Could you return every line of the records below that contains the word "thesis"?

[MATERIAL FOR THE TASK Boundary: Start]

definition insular :: "'g::group_add set \<Rightarrow> ('g set \<Rightarrow> 'm::ab_group_add set) \<Rightarrow> bool" where
  "insular A F \<longleftrightarrow> (\<exists>d. \<forall>S U. F S \<inter> F U \<subseteq> F (enlarge A S d \<inter> enlarge A U d))"

definition bdd_bicontrolled ::
  "'g::group_add set \<Rightarrow> ('m::ab_group_add \<Rightarrow> 'n::ab_group_add) \<Rightarrow> ('g set \<Rightarrow> 'm set) \<Rightarrow> ('g set \<Rightarrow> 'n set) \<Rightarrow> bool" where
  "bdd_bicontrolled A f F F' \<longleftrightarrow>
     (\<exists>b. \<forall>S. f ` F S \<subseteq> F' (enlarge A S b) \<and> range f \<inter> F' S \<subseteq> f ` F (enlarge A S b))"

definition rg_hom ::
  "('r::ring_1 \<Rightarrow> 'm::ab_group_add \<Rightarrow> 'm) \<Rightarrow> ('g::group_add \<Rightarrow> 'm \<Rightarrow> 'm) \<Rightarrow>
   ('r \<Rightarrow> 'n::ab_group_add \<Rightarrow> 'n) \<Rightarrow> ('g \<Rightarrow> 'n \<Rightarrow> 'n) \<Rightarrow> ('m \<Rightarrow> 'n) \<Rightarrow> bool" where
  "rg_hom smF acF smG acG f \<longleftrightarrow>
     (\<forall>x y. f (x + y) = f x + f y) \<and> (\<forall>r x. f (smF r x) = smG r (f x))
   \<and> (\<forall>g x. f (acF g x) = acG g (f x))"

end

theory Submission
  imports Defs
begin

text \<open>For the filtration s(F,\<Sigma>), bounded control in both directions only has to be checked on
  the finitely many generators: every \<phi>(\<sigma>) with \<sigma> in \<Sigma>F is an R-combination of translates
  g\<tau> with \<tau> in \<Sigma>G and g in a fixed ball B(0,b), and every \<tau> in \<Sigma>G has a preimage in the
  corresponding part of F. Translating by s \<in> S and using R[\<Gamma>]-linearity of \<phi> moves these statements to
  the generators s\<sigma> and s\<tau> of F(S) and G(S), with the ball B(0,b) becoming S[b].\<close>

lemma additive_sum:
  fixes h :: "'m::ab_group_add \<Rightarrow> 'n::ab_group_add"
  assumes "\<And>x y. h (x + y) = h x + h y"
  shows "h (sum f T) = (\<Sum>y\<in>T. h (f y))"
proof -
  have "h 0 = 0" using assms[of 0 0] by simp
  with assms show ?thesis using sum_comp_morphism[of h f T] by (simp add: comp_def)
qed
(* Fix $\Sigma\in\mathcal{Q}^+_{m,n}$, indices $k,l\in\mathcal{V}_2$ with $k\ge l$, and numbers $\lambda_{hj}\ge0$ for $h,j\in\mathcal{V}_1$, $h\ge j$. Consider $$\min_{\gamma_{kl}\ge0}\ \sum_{h\ge j}\Big[\max\{\gamma_{kl},\lambda_{hj}\}q_{hk,jl}(\Sigma)-\alpha_{hk,jl}\log\max\{\lambda_{hj},\gamma_{kl}\}\Big]+\varepsilon\gamma_{kl}.$$ Let $\tilde\lambda_1<\dots<\tilde\lambda_{\tilde u_1}$ ($\tilde u_1\le m_1(m_1+1)/2$) be the distinct values among $\{\lambda_{hj}:h\ge j\}$ in increasing order, and define $\mathcal{C}_u=\{(h,j):h\ge j,\ \lambda_{hj}\le\tilde\lambda_u\}$, $\mathcal{N}_1=\{\tilde\lambda_u:u=1,\dots,\tilde u_1\}$, $\mathcal{N}_2=\{\tilde\gamma_{kl,u}:u=0,1,\dots,\tilde u_1\}$, where $\tilde\gamma_{kl,0}=0$ and, for $u>0$, $$\tilde\gamma_{kl,u}=\frac{\sum_{(h,j)\in\mathcal{C}_u}\alpha_{hk,jl}}{\sum_{(h,j)\in\mathcal{C}_u}q_{hk,jl}(\Sigma)+\varepsilon}.$$ Then this problem admits a solution and all its points of minimum lie in $\mathcal{M}_2=\mathcal{N}_1\cup\mathcal{N}_2$.
   Context: Let $m_1,m_2,n\in\mathbb{N}$, $m=m_1m_2$, $\mathcal{V}_1=\{1,\dots,m_1\}$, $\mathcal{V}_2=\{1,\dots,m_2\}$, $\varepsilon>0$. $\mathcal{Q}^+_{m,n}$ is the set of matrix pseudo-polynomials $\Sigma(e^{i\vartheta})=S_0+\frac12\sum_{t=1}^n[S_te^{-it\vartheta}+S_t^Te^{it\vartheta}]$ ($S_0=S_0^T$, $S_t\in\mathbb{R}^{m\times m}$) with $\Sigma(e^{i\vartheta})\succ0$ for all $\vartheta\in[-\pi,\pi]$. For $M\in\mathbb{R}^{m\times m}$, $(M)_{hk,jl}$ is the entry in row $(h-1)m_2+k$ and column $(j-1)m_2+l$. $q_{hk,jl}(\Sigma)=\max_{t=0,\dots,n}\max\{|(S_t)_{hk,jl}|,|(S_t)_{hl,jk}|,|(S_t)_{jl,hk}|,|(S_t)_{jk,hl}|\}$. For $h\ge j$, $k\ge l$: $\alpha_{hk,jl}=n+1$ if $h=j,k=l$; $2n+1$ if $h=j,k>l$ or $h>j,k=l$; $4n+2$ if $h>j,k>l$. The objective is taken to be $+\infty$ if some logarithm has argument $0$. *)

theory Defs
  imports "HOL-Analysis.Analysis" "HOL-Library.Extended_Real"
begin

text \<open>Matrix coefficients S_t (t = 0..n) of size m x m are represented as
  S :: nat => nat => nat => real, with S t a b the (a,b) entry of S_t,
  rows/columns indexed 1..m (1-based, as in the paper).\<close>

definition Sigma_val :: "(nat \<Rightarrow> nat \<Rightarrow> nat \<Rightarrow> real) \<Rightarrow> nat \<Rightarrow> real \<Rightarrow> nat \<Rightarrow> nat \<Rightarrow> complex" where
  "Sigma_val S n \<theta> a b =
     complex_of_real (S 0 a b) + (1/2) * (\<Sum>t=1..n.
        complex_of_real (S t a b) * exp (- \<i> * of_nat t * of_real \<theta>)
      + complex_of_real (S t b a) * exp (\<i> * of_nat t * of_real \<theta>))"

definition Qplus :: "nat \<Rightarrow> nat \<Rightarrow> (nat \<Rightarrow> nat \<Rightarrow> nat \<Rightarrow> real) \<Rightarrow> bool" where
  "Qplus m n S \<longleftrightarrow>
     (\<forall>a\<in>{1..m}. \<forall>b\<in>{1..m}. S 0 a b = S 0 b a) \<and>
     (\<forall>\<theta>\<in>{-pi..pi}. \<forall>x :: nat \<Rightarrow> complex. (\<exists>a\<in>{1..m}. x a \<noteq> 0) \<longrightarrow>
        (let v = (\<Sum>a\<in>{1..m}. \<Sum>b\<in>{1..m}. cnj (x a) * Sigma_val S n \<theta> a b * x b)
         in Im v = 0 \<and> Re v > 0))"

definition blk :: "nat \<Rightarrow> (nat \<Rightarrow> nat \<Rightarrow> real) \<Rightarrow> nat \<Rightarrow> nat \<Rightarrow> nat \<Rightarrow> nat \<Rightarrow> real" where
  "blk m2 M h k j l = M ((h - 1) * m2 + k) ((j - 1) * m2 + l)"
lemma open_quadrant_split:
  assumes w: "0 < w$1" "0 < w$2" and not_parallel: "\<forall>j\<le>q - 1. \<forall>c. w \<noteq> c *\<^sub>R Uorbit q j"
  shows "\<exists>j<q - 1. \<exists>a b. 0 < a \<and> 0 < b \<and> w = a *\<^sub>R Uorbit q j + b *\<^sub>R Uorbit q (Suc j)"
proof -
  define f where "f j = wedge (Uorbit q j) w" for j
  have "0 < f 0" using w by (simp add: f_def Uorbit_0 wedge_def)
  moreover have "\<not> 0 < f (q - 1)" using w unfolding f_def Uorbit_last by (simp add: wedge_def)
  ultimately
  obtain j where j: "j < q - 1" "0 < f j" "\<not> 0 < f (Suc j)"
    using exists_sign_change by blast
  have "f (Suc j) \<noteq> 0"
  proof
    assume "f (Suc j) = 0"
    then obtain c where "w = c *\<^sub>R Uorbit q (Suc j)"
      using wedge_eq_0_imp_parallel[OF Uorbit_neq_0[of "Suc j"], of w] j(1) by (auto simp: f_def)
    then show False using not_parallel j(1) by auto
  qed
  then have "0 < - f (Suc j)" using j(3) by simp
  moreover have "w = (- f (Suc j)) *\<^sub>R Uorbit q j + f j *\<^sub>R Uorbit q (Suc j)"
    using unimodular_decomp[OF wedge_Uorbit_Suc[of j], of w] by (simp add: f_def wedge_antisym[of w])
  ultimately show ?thesis using j by blast
qed
lemma cq_integral_BDF1: "cq_integral 1 dt h n = dt *\<^sub>R grid_sum dt h n"
proof -
  have "(\<Sum>j=0..n. h (real (n - j) * dt)) = (\<Sum>k=0..n. h (real k * dt))"
    by (subst sum.atLeastAtMost_rev) (auto intro: sum.cong)
  then show ?thesis
    unfolding cq_integral_def cq_weight_BDF1 grid_sum_def atMost_atLeast0 by (simp flip: scaleR_sum_right)
qed

lemma cq_integral_BDF2: "cq_integral 2 dt h n = dt *\<^sub>R grid_sum dt h n - dt *\<^sub>R bdf2_tail dt h n"
proof -
  have "cq_integral 2 dt h n = cq_integral 1 dt h n - dt *\<^sub>R bdf2_tail dt h n"
    unfolding cq_integral_def cq_weight_BDF1 cq_weight_BDF2 bdf2_tail_def atMost_atLeast0
      scaleR_sum_right sum_subtractf[symmetric]
    by (intro sum.cong) (simp_all add: algebra_simps)
  then show ?thesis unfolding cq_integral_BDF1 .
qed

lemma cq_integral_diff:
  "cq_integral p dt (\<lambda>s. f s - g s) n = cq_integral p dt f n - cq_integral p dt g n"
  by (simp add: cq_integral_def scaleR_diff_right sum_subtractf)

lemma cq_weight_bounds:
  assumes "p \<in> {1, 2}" "0 \<le> dt"
  shows "0 \<le> cq_weight p dt j \<and> cq_weight p dt j \<le> dt"
proof -
  have "(1/3::real) ^ Suc j \<le> 1"
    by (rule power_le_one) simp_all
  then have "0 \<le> 1 - (1/3::real) ^ Suc j" "1 - (1/3::real) ^ Suc j \<le> 1"
    by simp_all
  then have "0 \<le> cq_weight 2 dt j \<and> cq_weight 2 dt j \<le> dt"
    unfolding cq_weight_BDF2 using \<open>0 \<le> dt\<close> by (simp add: mult_left_le)
  moreover have "0 \<le> cq_weight 1 dt j \<and> cq_weight 1 dt j \<le> dt"
    unfolding cq_weight_BDF1 using \<open>0 \<le> dt\<close> by simp
  ultimately show ?thesis using assms(1) by blast
qed

lemma cq_integral_norm_le:
  assumes "p \<in> {1, 2}" "0 \<le> dt" "g 0 = 0"
    and bound: "\<And>k. k \<le> n \<Longrightarrow> norm (g (real k * dt)) \<le> E"
  shows "norm (cq_integral p dt g n) \<le> real n * dt * E"
proof -
  have "cq_integral p dt g n = (\<Sum>j<n. cq_weight p dt j *\<^sub>R g (real (n - j) * dt))"
    using \<open>g 0 = 0\<close> by (simp add: cq_integral_def atLeast0AtMost lessThan_Suc_atMost[symmetric])
  also have "norm \<dots> \<le> (\<Sum>j<n. dt * E)"
  proof (rule sum_norm_le)
    fix j assume "j \<in> {..<n}"
    have "norm (g (real (n - j) * dt)) \<le> E" by (rule bound) simp
    then show "norm (cq_weight p dt j *\<^sub>R g (real (n - j) * dt)) \<le> dt * E"
      using cq_weight_bounds[OF assms(1,2), of j] by (auto intro: mult_mono)
  qed
  finally show ?thesis by simp
qed

lemma bdf2_tail_norm_le:
  assumes "\<And>k. k \<le> n \<Longrightarrow> norm (h (real k * dt)) \<le> E"
  shows "norm (bdf2_tail dt h n) \<le> E / 2"
  using assms
proof (induction n)
  case 0
  then show ?case using norm_ge_zero[of "h 0"] by (simp add: bdf2_tail_def, linarith)
next
  case (Suc n)
  have "norm (bdf2_tail dt h (Suc n)) \<le> (1/3) * (norm (h (real (Suc n) * dt)) + norm (bdf2_tail dt h n))"
    unfolding bdf2_tail_Suc by (simp add: norm_triangle_ineq)
  also have "\<dots> \<le> (1/3) * (E + E / 2)"
    using Suc.IH Suc.prems Suc.prems[of "Suc n"] by (intro mult_left_mono add_mono) auto
  finally show ?case by simp
qed

text \<open>For constant \<open>h = d\<close> the recursion \<open>x \<mapsto> (d + x)/3\<close> has the fixed point \<open>d/2\<close>, so only the
  increments of \<open>h\<close> move the tail away from \<open>h(t\<^sub>n)/2\<close>.\<close>
lemma bdf2_tail_minus_half_norm_le:
  assumes "h 0 = 0" "0 \<le> K"
    and incr: "\<And>k. k < n \<Longrightarrow> norm (h (real (Suc k) * dt) - h (real k * dt)) \<le> K"
  shows "norm (bdf2_tail dt h n - (1/2) *\<^sub>R h (real n * dt)) \<le> K / 4"
  using incr
proof (induction n)
  case 0
  then show ?case using assms(1,2) by (simp add: bdf2_tail_def)
next
  case (Suc n)
  have "bdf2_tail dt h (Suc n) - (1/2) *\<^sub>R h (real (Suc n) * dt)
     = (1/3) *\<^sub>R (bdf2_tail dt h n - (1/2) *\<^sub>R h (real n * dt))
       - (1/6) *\<^sub>R (h (real (Suc n) * dt) - h (real n * dt))"
    unfolding bdf2_tail_Suc by (simp add: algebra_simps flip: scaleR_add_left)
  then have "norm (bdf2_tail dt h (Suc n) - (1/2) *\<^sub>R h (real (Suc n) * dt))
      \<le> (1/3) * norm (bdf2_tail dt h n - (1/2) *\<^sub>R h (real n * dt))
       + (1/6) * norm (h (real (Suc n) * dt) - h (real n * dt))"
    by (auto intro: order_trans[OF norm_triangle_ineq4])
  also have "\<dots> \<le> (1/3) * (K / 4) + (1/6) * K"
    using Suc by (intro add_mono mult_left_mono) auto
  finally show ?case by simp
qed

lemma norm_diff_le_of_vector_derivative_bound:
  fixes f f' :: "real \<Rightarrow> 'a::real_normed_vector"
  assumes "a \<le> x" "x \<le> y" "y \<le> b"
    and deriv: "\<And>s. s \<in> {a..b} \<Longrightarrow> (f has_vector_derivative f' s) (at s within {a..b})"
    and bound: "\<And>s. s \<in> {x..y} \<Longrightarrow> norm (f' s) \<le> M"
  shows "norm (f y - f x) \<le> M * (y - x)"
proof -
  have "norm (f y - f x) \<le> M * norm (y - x)"
  proof (rule differentiable_bound[of "{x..y}" f "\<lambda>s h. h *\<^sub>R f' s" M])
    show "(f has_derivative (\<lambda>h. h *\<^sub>R f' s)) (at s within {x..y})" if "s \<in> {x..y}" for s
      using deriv[of s] that assms(1-3) has_vector_derivative_within_subset[of f "f' s" s "{a..b}" "{x..y}"]
      by (auto simp: has_vector_derivative_def)
    show "onorm (\<lambda>h. h *\<^sub>R f' s) \<le> M" if "s \<in> {x..y}" for s
      using bound[OF that] by (intro onorm_le) (simp add: mult.commute[of M] mult_left_mono)
  qed (use assms(2) in auto)
  then show ?thesis using assms(2) by simp
qed
lemma u_sol_eq:
  assumes "tsize t \<ge> 1"
  defines "k \<equiv> tsize t" and "e \<equiv> wt t * real (tsize t)"
  shows "u_sol t = (\<lambda>x. exp x * eval_fps (V_fps k e) x)"
proof -
  have e: "e \<ge> 0" by (simp add: e_def wt_nonneg)
  define v where "v = eval_fps (V_fps k e :: real fps)"
  define v' where "v' = eval_fps (fps_deriv (V_fps k e) :: real fps)"
  note dv = has_real_derivative_eval_V_fps[OF e, of k, folded v_def v'_def]
  have k: "k \<ge> 1" using assms(1) by (simp add: k_def)
  have dv': "(v' has_real_derivative e * x ^ (k - 1) * v x) (at x)" for x
    using dv(2)[of x] by (simp add: eval_V_fps_ode[OF k e] v_def)
  define u where "u x = exp x * v x" for x
  define w where "w x = exp x * (v x + v' x)" for x
  have du: "(u has_real_derivative w x) (at x)" for x
    unfolding u_def[abs_def] w_def by (auto intro!: derivative_eq_intros dv simp: algebra_simps)
  have dw: "(w has_real_derivative (2 * w x - (1 - e * x ^ (k - 1)) * u x)) (at x)" for x
    unfolding w_def[abs_def] u_def by (auto intro!: derivative_eq_intros dv dv' simp: algebra_simps)
  have "u_sol t = u"
    unfolding u_sol_def
  proof (rule the_equality)
    show "u 0 = -1 \<and> (\<exists>u'. u' 0 = 0 \<and> (\<forall>x. (u has_real_derivative u' x) (at x) \<and>
      (u' has_real_derivative 2 * u' x - (1 - wt t * real (tsize t) * x ^ (tsize t - 1)) * u x) (at x)))"
      using du dw by (intro conjI exI[of _ w]) (auto simp: u_def w_def v_def v'_def k_def e_def eval_fps_at_0)
  next
    fix u2 assume "u2 0 = -1 \<and> (\<exists>u'. u' 0 = 0 \<and> (\<forall>x. (u2 has_real_derivative u' x) (at x) \<and>
      (u' has_real_derivative 2 * u' x - (1 - wt t * real (tsize t) * x ^ (tsize t - 1)) * u2 x) (at x)))"
    then obtain w2 where u2: "u2 0 = -1" "\<And>x. (u2 has_real_derivative w2 x) (at x)"
      and w2: "w2 0 = 0" "\<And>x. (w2 has_real_derivative 2 * w2 x - (1 - e * x ^ (k - 1)) * u2 x) (at x)"
      unfolding e_def k_def by blast
    show "u2 = u"
    proof (rule linear_ode2_unique[OF _ u2(2) w2(2) du dw])
      show "continuous_on UNIV (\<lambda>x::real. 1 - e * x ^ (k - 1))"
        by (intro continuous_intros)
    qed (use u2 w2 in \<open>simp_all add: u_def w_def v_def v'_def eval_fps_at_0\<close>)
  qed
  then show ?thesis by (simp add: u_def[abs_def] v_def)
qed

lemma first_positive_zero_near_one:
  fixes v v' :: "real \<Rightarrow> real"
  assumes deriv: "\<And>x. (v has_real_derivative v' x) (at x)"
    and close: "\<And>x. \<bar>x\<bar> \<le> 5/4 \<Longrightarrow> \<bar>v x - (x - 1)\<bar> \<le> 1/100"
    and close': "\<And>x. \<bar>x\<bar> \<le> 5/4 \<Longrightarrow> \<bar>v' x - 1\<bar> \<le> 1/100"
  obtains r where "49/50 \<le> r" "r \<le> 51/50" "v r = 0" "\<And>x. 0 < x \<Longrightarrow> x < r \<Longrightarrow> v x \<noteq> 0"
proof -
  have mono: "v a < v b" if "a < b" "\<bar>a\<bar> \<le> 5/4" "\<bar>b\<bar> \<le> 5/4" for a b
  proof (rule DERIV_pos_imp_increasing[OF that(1)])
    fix x assume "a \<le> x" "x \<le> b"
    then have "\<bar>x\<bar> \<le> 5/4" using that by linarith
    then have "v' x > 0" using close'[of x] by linarith
    then show "\<exists>y. (v has_real_derivative y) (at x) \<and> 0 < y" using deriv by blast
  qed
  have "\<bar>v (49/50) - (49/50 - 1)\<bar> \<le> 1/100" "\<bar>v (51/50) - (51/50 - 1)\<bar> \<le> 1/100"
    by (simp_all only: close)
  then have "v (49/50) \<le> 0" "0 \<le> v (51/50)"
    unfolding abs_le_iff by linarith+
  moreover have "isCont v x" for x
    using deriv DERIV_isCont by blast
  ultimately obtain r where r: "49/50 \<le> r" "r \<le> 51/50" "v r = 0"
    using IVT[of v "49/50" 0 "51/50"] by auto
  moreover have "v x \<noteq> 0" if "0 < x" "x < r" for x
    using mono[of x r] that r by auto
  ultimately show ?thesis using that by blast
qed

[MATERIAL FOR THE TASK Boundary: End]

**SOLUTION:**
  with assms show ?thesis using sum_comp_morphism[of h f T] by (simp add: comp_def)
  ultimately show ?thesis using j by blast
  then show ?thesis
  then show ?thesis unfolding cq_integral_BDF1 .
  ultimately show ?thesis using assms(1) by blast
  finally show ?thesis by simp
  then show ?thesis using assms(2) by simp
  then show ?thesis by (simp add: u_def[abs_def] v_def)
  ultimately show ?thesis using that by blast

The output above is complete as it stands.